Por más que se tomara su tiempo, hubo de
llegar al fin junto a Pablo. ¡Oh sorpresa! Sobre la lápida, un hermoso ramo de
flores frescas, envueltas en papel de celofán y de seda, realzado con una ancha
cinta roja. ¿Pero quién? Sí, seguro que mi madre, que más de una vez viene por
aquí sin revelármelo. Mas, el lazo rojo, y esas gruesas y rotundas margaritas[3], con
detalle de pensamientos y dalias...
No quiso confesarse la revelación, pero la
taladró el recuerdo. Se sentó sobre la tumba, tomó el ramo entre sus brazos y
lloró, como no lo hacía desde haber quedado seca la fuente, al morir él. El
tiempo parecía haberse detenido en un globo de silencio, en el que solo cabían
los reflejos dorados del sol, las flores húmedas y su llanto dolorido. Habría
deseado que aquel magma de quietud se solidificara para siempre. La
desaparición del sol tras un ciprés la volvió a la realidad exterior. Colocó el
ramo en la lápida, acariciado por sus manos y por la brisa de la tarde. Pensó: Aquí
os quedáis, con mis lágrimas, meciendo mi congoja, como mi avatar.

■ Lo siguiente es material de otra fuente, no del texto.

(* Applied to the Double Coverage algorithm on the line, the transformation described below, using upon each request $r_i$ the $r_i$-canonical matching, produces a lazy, local and monotone $k$-server algorithm.
   Context: $k$-server on the real line with $d(x,y)=|x-y|$: $k$ servers at initial points; requests arrive online and must be served by moving a server to the request; cost is total distance moved. Double Coverage (DC): on request $r$, let $s_L,s_R$ be the servers immediately to the left and right of $r$ (if one does not exist, ignore it); move both toward $r$ by $\min\{d(s_L,r),d(s_R,r)\}$; serve $r$ with the server that reached it. A server $s$ in configuration $S$ is adjacent to a point $v$ if no other server of $S$ lies on the segment between $v$ and $s$. An algorithm is lazy if on each request it moves only one server, to the request; local if it always serves a request with an adjacent server; monotone if whenever it would serve a request at $r$ with server $s$, it would also serve a request at any point between $r$ and $s$ with $s$. For sorted sets $X=\{x_1\le\dots\le x_k\}$, $Y=\{y_1\le\dots\le y_k\}$, the canonical matching matches $x_i$ with $y_i$. For $r\in X$, the $r$-canonical matching is obtained from the canonical matching as follows: if $r$ is matched to $y$ and other points of $Y$ lie between $r$ and $y$, let $y'$ be the one closest to $r$, with $y'$ matched to $x$; rematch $r$ with $y'$ and $x$ with $y$. Transformation: $A'$ starts in the same configuration as DC; upon request $r_i$, let $S_{DC}$ be DC's configuration after serving $r_i$ and $S_{A'}$ the configuration of $A'$ just before; compute the $r_i$-canonical matching of $S_{DC}$ to $S_{A'}$ and serve $r_i$ with the server of $A'$ matched to $r_i$. *)

theory Defs
  imports Complex_Main "HOL-Library.Multiset"
begin
(* Let $\Omega\subset\mathbb{R}^N$ be a uniformly smooth domain with outer unit normal $\nu$. Let $v_1\in W^{1,\infty}(\Omega\times\mathbb{R})$ and $v_2\in C^1(\overline\Omega\times\mathbb{R})$ satisfy: $v_1\le v_2$ on $\partial\Omega\times\mathbb{R}$; the spatial gradient $\nabla v_2$ is uniformly continuous on $\overline\Omega\times\mathbb{R}$; $$\sup_{\partial\Omega\times\mathbb{R}}\big(v_1-v_2+\min(\partial_\nu v_2,0)\big)<0;$$ and for every $\varepsilon>0$, $\inf\{v_2(x,t):\ \mathrm{dist}(x,\mathbb{R}^N\setminus\Omega)>\varepsilon,\ t\in\mathbb{R}\}>0$. Then there is a constant $k>0$ such that $kv_2\ge v_1$ in $\Omega\times\mathbb{R}$.
   Context: $\partial_\nu v_2=\nu\cdot\nabla v_2$ denotes the outer normal derivative on $\partial\Omega$. *)

theory Defs
  imports "HOL-Analysis.Analysis"
begin

definition hproj :: "'a::euclidean_space \<Rightarrow> 'a \<Rightarrow> 'a" where
  "hproj e w = w - (w \<bullet> e) *\<^sub>R e"

definition unif_smooth_domain :: "'a::euclidean_space set \<Rightarrow> bool" where
  "unif_smooth_domain \<Omega> \<longleftrightarrow> open \<Omega> \<and> connected \<Omega> \<and> \<Omega> \<noteq> {} \<and>
    (\<exists>r>0. \<exists>M. \<forall>z\<in>frontier \<Omega>. \<exists>e \<phi> g H.
       norm e = 1 \<and> \<phi> 0 = 0 \<and>
       (\<forall>w. (\<phi> has_derivative (\<lambda>h. g w \<bullet> h)) (at w)) \<and>
       (\<forall>w. (g has_derivative H w) (at w)) \<and>
       (\<forall>v. continuous_on UNIV (\<lambda>w. H w v)) \<and>
       (\<forall>w. norm (g w) \<le> M \<and> onorm (H w) \<le> M) \<and>
       (\<forall>y\<in>ball z r. y \<in> \<Omega> \<longleftrightarrow> \<phi> (hproj e (y - z)) < (y - z) \<bullet> e))"

text \<open>nu is the outer unit normal field of Omega: at each boundary point z, nu z is a unit vector
  and Omega is asymptotically the half-space {y. (y - z) . nu z < 0} near z.\<close>
definition outer_unit_normal :: "'a::euclidean_space set \<Rightarrow> ('a \<Rightarrow> 'a) \<Rightarrow> bool" where
  "outer_unit_normal \<Omega> \<nu> \<longleftrightarrow> (\<forall>z\<in>frontier \<Omega>. norm (\<nu> z) = 1 \<and>
     (\<forall>\<epsilon>>0. \<exists>\<delta>>0. \<forall>y\<in>ball z \<delta>.
        (y \<in> \<Omega> \<longrightarrow> (y - z) \<bullet> \<nu> z \<le> \<epsilon> * norm (y - z)) \<and>
        (y \<notin> \<Omega> \<longrightarrow> - \<epsilon> * norm (y - z) \<le> (y - z) \<bullet> \<nu> z)))"

text \<open>W^{1,infinity}(Omega x R), via its Lipschitz representative: bounded on Omega x R and
  Lipschitz along every segment contained in Omega x R (i.e. bounded with bounded gradient).\<close>
definition W1inf :: "('a::euclidean_space \<Rightarrow> real \<Rightarrow> real) \<Rightarrow> 'a set \<Rightarrow> bool" where
  "W1inf v \<Omega> \<longleftrightarrow> (\<exists>B. \<forall>x\<in>\<Omega>. \<forall>t. \<bar>v x t\<bar> \<le> B) \<and>
     (\<exists>L. \<forall>p q. closed_segment p q \<subseteq> \<Omega> \<times> UNIV \<longrightarrow>
        \<bar>v (fst p) (snd p) - v (fst q) (snd q)\<bar> \<le> L * dist p q)"

end

theory Submission
  imports Defs
begin
lemma log_plus_moment_less_top_iff_summable_row_tails:
  fixes V :: "'a \<Rightarrow> real" and K :: "nat \<Rightarrow> nat"
  assumes "prob_space Q" and [measurable]: "V \<in> borel_measurable Q" and "1 < s" "0 < c"
    and K_ge: "\<And>n. c * real n ^ m \<le> real (K n) + 1"
    and K_le: "\<And>n. 1 \<le> n \<Longrightarrow> real (K n) + 1 \<le> C * real n ^ m"
  shows "(\<integral>\<^sup>+x. ennreal (log_plus (V x) ^ Suc m) \<partial>Q) < \<infinity> \<longleftrightarrow>
    summable (\<lambda>n. (real (K n) + 1) * measure Q {x\<in>space Q. s ^ n \<le> V x})"
proof -
  interpret prob_space Q by fact
  define p where "p n = measure Q {x\<in>space Q. s ^ n \<le> V x}" for n
  have p_nonneg: "0 \<le> p n" for n
    by (simp add: p_def measure_nonneg)
  have "0 < ln s"
    using \<open>1 < s\<close> by simp
  have tail_sets: "{x\<in>space Q. real n * ln s \<le> log_plus (V x)} = {x\<in>space Q. s ^ n \<le> V x}"
    if "1 \<le> n" for n
    using that \<open>1 < s\<close> log_plus_less_iff[of "real n * ln s"]
    by (auto simp: exp_of_nat_mult not_less[symmetric])
  have "(\<integral>\<^sup>+x. ennreal (log_plus (V x) ^ Suc m) \<partial>Q) < \<infinity> \<longleftrightarrow>
      summable (\<lambda>n. real n ^ m * measure Q {x\<in>space Q. real n * ln s \<le> log_plus (V x)})"
    using \<open>0 < ln s\<close> log_plus_nonneg
    by (intro nn_integral_power_less_top_iff_summable_scaled_tail[OF finite_measure_axioms]) auto
  also have "\<dots> \<longleftrightarrow> summable (\<lambda>n. real n ^ m * p n)"
  proof (rule summable_cong)
    show "\<forall>\<^sub>F n in sequentially. real n ^ m * prob {x\<in>space Q. real n * ln s \<le> log_plus (V x)}
        = real n ^ m * p n"
      using eventually_ge_at_top[of 1]
    proof eventually_elim
      case (elim n)
      then show ?case by (simp only: tail_sets p_def)
    qed
  qed
  also have "\<dots> \<longleftrightarrow> summable (\<lambda>n. (real (K n) + 1) * p n)"
    using \<open>0 < c\<close> p_nonneg K_ge K_le
    by (intro summable_comparable_weights_iff[where N = 1 and C = C]) auto
  finally show ?thesis
    by (simp add: p_def)
qed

Era tarde, pero no quería marchar sin visitar
a Elías. ¡Años que no lo hacía! Tomó una margarita del ramo y, ligera, fue en
busca de su profesor, con el angelote de marras como faro de su periplo.
***
A la salida, entre la calígine del
atardecer, enceguecida por los rayos del sol poniente, le pareció ver una
silueta que, tras una fugaz sonrisa, le dio la espalda y se alejaba. Tuvo un
presentimiento:
-
¡Eugenio!
El bulto se detuvo un instante. Habría
dicho que le hacía ademán de adiós.
-
¡Señor Eugenio!
No hubo respuesta. Con todo, no pudo
menos, ya en voz baja, de decir –de decirse-:
-
Gracias por las flores.
Cuando llegó a casa, aún impresionada,
halló a su madre en la cocina. Casi sin querer, le vino a los labios:
-
Esta tarde he visto al señor Eugenio, el bedel del
Instituto.
La madre la miró de hito en hito:
-
¿No te habrás confundido? Eugenio murió hace mucho
tiempo, cuando andabas todavía por Canarias. Tu padre y yo fuimos al entierro,
porque ya era ordenanza del Instituto en
nuestros años escolares.
[1]
Alusión al verso Faded the flower and all its
budded charms, del
soneto LIX de John Keats (“The day is gone...!”).
[2] La
versión más conocida de la Llorona contiene la siguiente estrofa: No
sé qué tienen las flores, llorona, / las flores del camposanto / que, cuando
las mueve el viento, llorona, / parece que están llorando.
[3] En
realidad, esas margaritas gigantes son crisantemos (Chrysanthemum maximum).